There was no video; Doug’s comm screen remained blank.

“Colonel Giap,” he said, “I believe it is time we discussed an armistice.”

“Armistice?” The colonel’s surprised reply came immediately. The radio link between the Peacekeepers in the crater floor and the control center did not need to be relayed through L-1; the antennas built into the face of the mountain, just above Moonbase’s main airlock, handled the link directly.

“Truce, armistice, whatever you want to call it,” Doug said, feeling the tension and hope in the people clustering about him.

This time the Peacekeeper commander hesitated before replying.

Doug added, “Your attack has failed. Your troops had to surrender to us. We’ve let them return to you, but as you’ll see, their spacesuits are heavily contaminated with dust.
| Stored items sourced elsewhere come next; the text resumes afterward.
(* Let $p,q,n$ be positive integers, $\boldsymbol\Lambda$ a real $p\times q$ matrix, $\boldsymbol\Gamma$ a real $p\times p$ matrix with $\boldsymbol\Gamma\boldsymbol\Gamma'=\mathbf I_p-\boldsymbol\Lambda\boldsymbol\Lambda'$, $\mathbf Y,\hat{\mathbf Y}$ real $q\times n$ matrices and $\hat{\mathbf W}$ a real $p\times n$ matrix. For $t\in(0,1)$ set $\mathbf Y(t)=\sqrt t\,\mathbf Y+\sqrt{1-t}\,\hat{\mathbf Y}$, $\mathbf X(t)=\boldsymbol\Lambda\mathbf Y(t)+\boldsymbol\Gamma\hat{\mathbf W}$, and assume $\mathbf X(t)\mathbf X(t)'$ and $\mathbf Y(t)\mathbf Y(t)'$ are invertible. Let $\mathbf Q(t)=(\mathbf X(t)\mathbf X(t)')^{-1}\mathbf X(t)$, $\mathbf U(t)=(\mathbf Y(t)\mathbf Y(t)')^{-1}\mathbf Y(t)$, $\mathbf P_{x(t)}=\mathbf X(t)'\mathbf Q(t)$, $\mathbf P_{y(t)}=\mathbf Y(t)'\mathbf U(t)$, $\mathbf H(t)=\mathbf P_{x(t)}+\mathbf P_{y(t)}$, and for $z\in\mathbb C^+$ let $G=(\mathbf H(t)-z)^{-1}$. For $j\in\{1,\dots,q\}$, $i\in\{1,\dots,n\}$ define $$\Psi^1_{ji}=[\boldsymbol\Lambda'\mathbf Q(t)G^2(\mathbf I-\mathbf P_{x(t)})]_{ji},\qquad \Psi^2_{ji}=[\mathbf U(t)G^2(\mathbf I-\mathbf P_{y(t)})]_{ji},$$ viewed as functions of the entries of $\mathbf Y$ and $\hat{\mathbf Y}$. Then for $l=1,2$, $$\frac{1}{\sqrt{1-t}}\frac{\partial\Psi^l_{ji}}{\partial\hat Y_{ji}}=\frac{1}{\sqrt t}\frac{\partial\Psi^l_{ji}}{\partial Y_{ji}}.$$
   Context: In the paper this is used with $\mathbf Y$ having i.i.d. (scaled) entries of mean $0$, variance $1$, finite fourth moment, and $\hat{\mathbf Y},\hat{\mathbf W}$ independent with (scaled) standard Gaussian entries; the identity itself is pointwise. $\mathbf A'$ denotes transpose. *)

theory Defs
  imports "HOL-Analysis.Analysis"
begin

text \<open>Matrices are rendered as Cartesian types: a real p x q matrix is
  real^'q^'p (rows indexed by 'p). Transpose is transpose, product is **.\<close>

definition cmat :: "real^'n^'m \<Rightarrow> complex^'n^'m" where
  "cmat A = (\<chi> i j. complex_of_real (A $ i $ j))"

definition Yt :: "real \<Rightarrow> real^'n^'q \<Rightarrow> real^'n^'q \<Rightarrow> real^'n^'q" where
  "Yt t Y Yh = sqrt t *\<^sub>R Y + sqrt (1 - t) *\<^sub>R Yh"

definition Xt :: "real^'q^'p \<Rightarrow> real^'p^'p \<Rightarrow> real \<Rightarrow> real^'n^'q \<Rightarrow> real^'n^'q
    \<Rightarrow> real^'n^'p \<Rightarrow> real^'n^'p" where
  "Xt Lam Gam t Y Yh Wh = Lam ** Yt t Y Yh + Gam ** Wh"

definition Qmat :: "real^'n^'p \<Rightarrow> real^'n^'p" where
  "Qmat X = matrix_inv (X ** transpose X) ** X"

definition Pmat :: "real^'n^'p \<Rightarrow> real^'n^'n" where
  "Pmat X = transpose X ** Qmat X"

definition Gres :: "real^'n^'p \<Rightarrow> real^'n^'q \<Rightarrow> complex \<Rightarrow> complex^'n^'n" where
  "Gres X Y z = matrix_inv (cmat (Pmat X + Pmat Y) - mat z)"

definition Psi1 :: "real^'q^'p \<Rightarrow> real^'p^'p \<Rightarrow> real \<Rightarrow> complex \<Rightarrow> real^'n^'q \<Rightarrow> real^'n^'q
    \<Rightarrow> real^'n^'p \<Rightarrow> complex^'n^'q" where
  "Psi1 Lam Gam t z Y Yh Wh =
     (let X = Xt Lam Gam t Y Yh Wh; G = Gres X (Yt t Y Yh) z in
      cmat (transpose Lam ** Qmat X) ** (G ** G) ** cmat (mat 1 - Pmat X))"

definition Psi2 :: "real^'q^'p \<Rightarrow> real^'p^'p \<Rightarrow> real \<Rightarrow> complex \<Rightarrow> real^'n^'q \<Rightarrow> real^'n^'q
    \<Rightarrow> real^'n^'p \<Rightarrow> complex^'n^'q" where
  "Psi2 Lam Gam t z Y Yh Wh =
     (let X = Xt Lam Gam t Y Yh Wh; Y' = Yt t Y Yh; G = Gres X Y' z in
      cmat (Qmat Y') ** (G ** G) ** cmat (mat 1 - Pmat Y'))"

definition upd_entry :: "real^'n^'q \<Rightarrow> 'q \<Rightarrow> 'n \<Rightarrow> real \<Rightarrow> real^'n^'q" where
  "upd_entry A j i s = (\<chi> a b. if a = j \<and> b = i then s else A $ a $ b)"
(* Let $g,h\in K\{\{x,y\}$ with $\mathrm{ord}_x(g)\ge1$. Then there is a unique $K$-algebra homomorphism $\varphi=\varphi_{(g,h)}:K\{\{x,y\}\to K\{\{x,y\}$ (i.e. a $K$-linear map with $\varphi(1_P)=1_P$ and $\varphi(f_1\cdot\ldots\cdot f_m)=\varphi(f_1)\cdot\ldots\cdot\varphi(f_m)$ for all $m\ge2$) such that $\varphi(x)=g$, $\varphi(y)=h$, and $\varphi$ is continuous with respect to the $x$-adic topology.
   Context: Let $K$ be a field and let $x\neq y$ be two symbols (variables). A finite planar reduced rooted tree is a finite rooted tree in which the children of each vertex are linearly ordered and no vertex has exactly one child; its leaves are the vertices without children (the one-vertex tree has its root as its unique leaf). $P(x,y)$ denotes the set of isomorphism classes of pairs $S=(T,\lambda)$ with $T$ a finite planar reduced rooted tree and $\lambda:L(T)\to\{x,y\}$ a labeling of its set of leaves $L(T)$; $\deg_x(S)=\#\lambda^{-1}(x)$, $\deg_y(S)=\#\lambda^{-1}(y)$, $\deg(S)=\#L(T)$. Let $P'(x,y)=P(x,y)\cup\{1_P\}$, where $1_P$ represents the empty tree (with $\deg_x(1_P)=\deg_y(1_P)=0$). For $m\ge 2$ and $S_1,\dots,S_m\in P(x,y)$, the $m$-ary grafting $\bullet_m(S_1,\dots,S_m)$ is the labeled tree obtained by adding a new root whose ordered children are the roots of $S_1,\dots,S_m$ (in this order), with the labelings inherited. It is extended to $P'(x,y)$ by deleting occurrences of $1_P$: $\bullet_m(S_1,\dots,S_m)=\bullet_{r}(S_{j_1},\dots,S_{j_r})$ where $S_{j_1},\dots,S_{j_r}$ are the entries different from $1_P$ (in order), with the conventions $\bullet_1(S)=S$ and $\bullet_0()=1_P$. $K\{\{x,y\}$ is the $K$-vector space of all functions $f:P'(x,y)\to K$, $S\mapsto c_S(f)$, such that for every $n\in\mathbb N$ the set $\{S: c_S(f)\ne0,\ \deg_x(S)=n\}$ is finite; one writes $f=\sum_S c_S(f)S$ and identifies $S\in P'(x,y)$ with its indicator function (so $x$ and $y$ denote the one-vertex trees labeled $x$, resp. $y$). For $m\ge2$, the product $\bullet_m(f_1,\dots,f_m)=f_1\cdot\ldots\cdot f_m$ is defined by $c_S(f_1\cdot\ldots\cdot f_m)=\sum c_{S_1}(f_1)\cdots c_{S_m}(f_m)$, summed over all $(S_1,\dots,S_m)\in P'(x,y)^m$ with $\bullet_m(S_1,\dots,S_m)=S$. For $f\ne0$, $\mathrm{ord}_x(f)=\min\{\deg_x(S): c_S(f)\neq 0\}$, and $\mathrm{ord}_x(0)=\infty$; $|f|_x=(1/2)^{\mathrm{ord}_x(f)}$ (with $|0|_x=0$), and the $x$-adic distance/topology is given by $|f-g|_x$. *)

theory Defs
  imports Main "HOL-Library.Extended_Nat"
begin

datatype lab = LX | LY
They can’t see, and the joints of their suits will soon fail.”

“That was merely my first wave,” Colonel Giap snapped.

“The same thing will happen to your second wave,” Doug replied. “And your third and fourth and fifth. We can blind your soldiers and jam your radio communications. We can gum up the joints of their spacesuits to the point where they’ll quickly become immobilized. There is no way you can get through our tunnels.”

“Nonsense!” spat the colonel. “We have enough weaponry to blast through your tunnels whenever we choose to.”

Glancing at Anson and the others crowding around him, Doug said darkly, “And we have the weapons of your first wave soldiers now. We can shoot back. And men in spacesuits are extremely vulnerable. We won’t need sharpshooters.”

Giap sputtered something unintelligible.

“We have no desire to harm anyone,” Doug said. “All we want is for you to withdraw and leave us alone.”

After several heartbeats, Giap said, “This situation is beyond my authority. I will have to discuss this with my superiors.”

“Fine,” Doug replied. “I’ll call again in exactly one hour. Until then, your suit-to-suit frequencies will be jammed again.”

The nerve-shattering screech of the jamming pierced Giap’s skull like a pair of icepicks driven into his eardrums. He banged on his wrist keypad to shut off his suit radio. As he got to his feet he saw that the other officers were doing the same.

Stomping angrily to the tractor that he had commandeered to be his command center, Giap clambered up into its cab. His communications sergeant was nowhere in sight; he would have to work the laptop himself. Worse still, he would have to face Faure.

No, he realized. There was something even worse. The insufferable Sacred Seven. Their young Japanese leader was waiting for him in the tractor’s cab, sitting in the rear seat. Giap recognized the shoulder patch symbol on his spacesuit: a fist holding a lightning bolt.

And the volunteer was holding the end of a communications wire that was already plugged into his own helmet.

Reluctantly, Giap took the proffered wire and inserted into his own helmet’s comm port.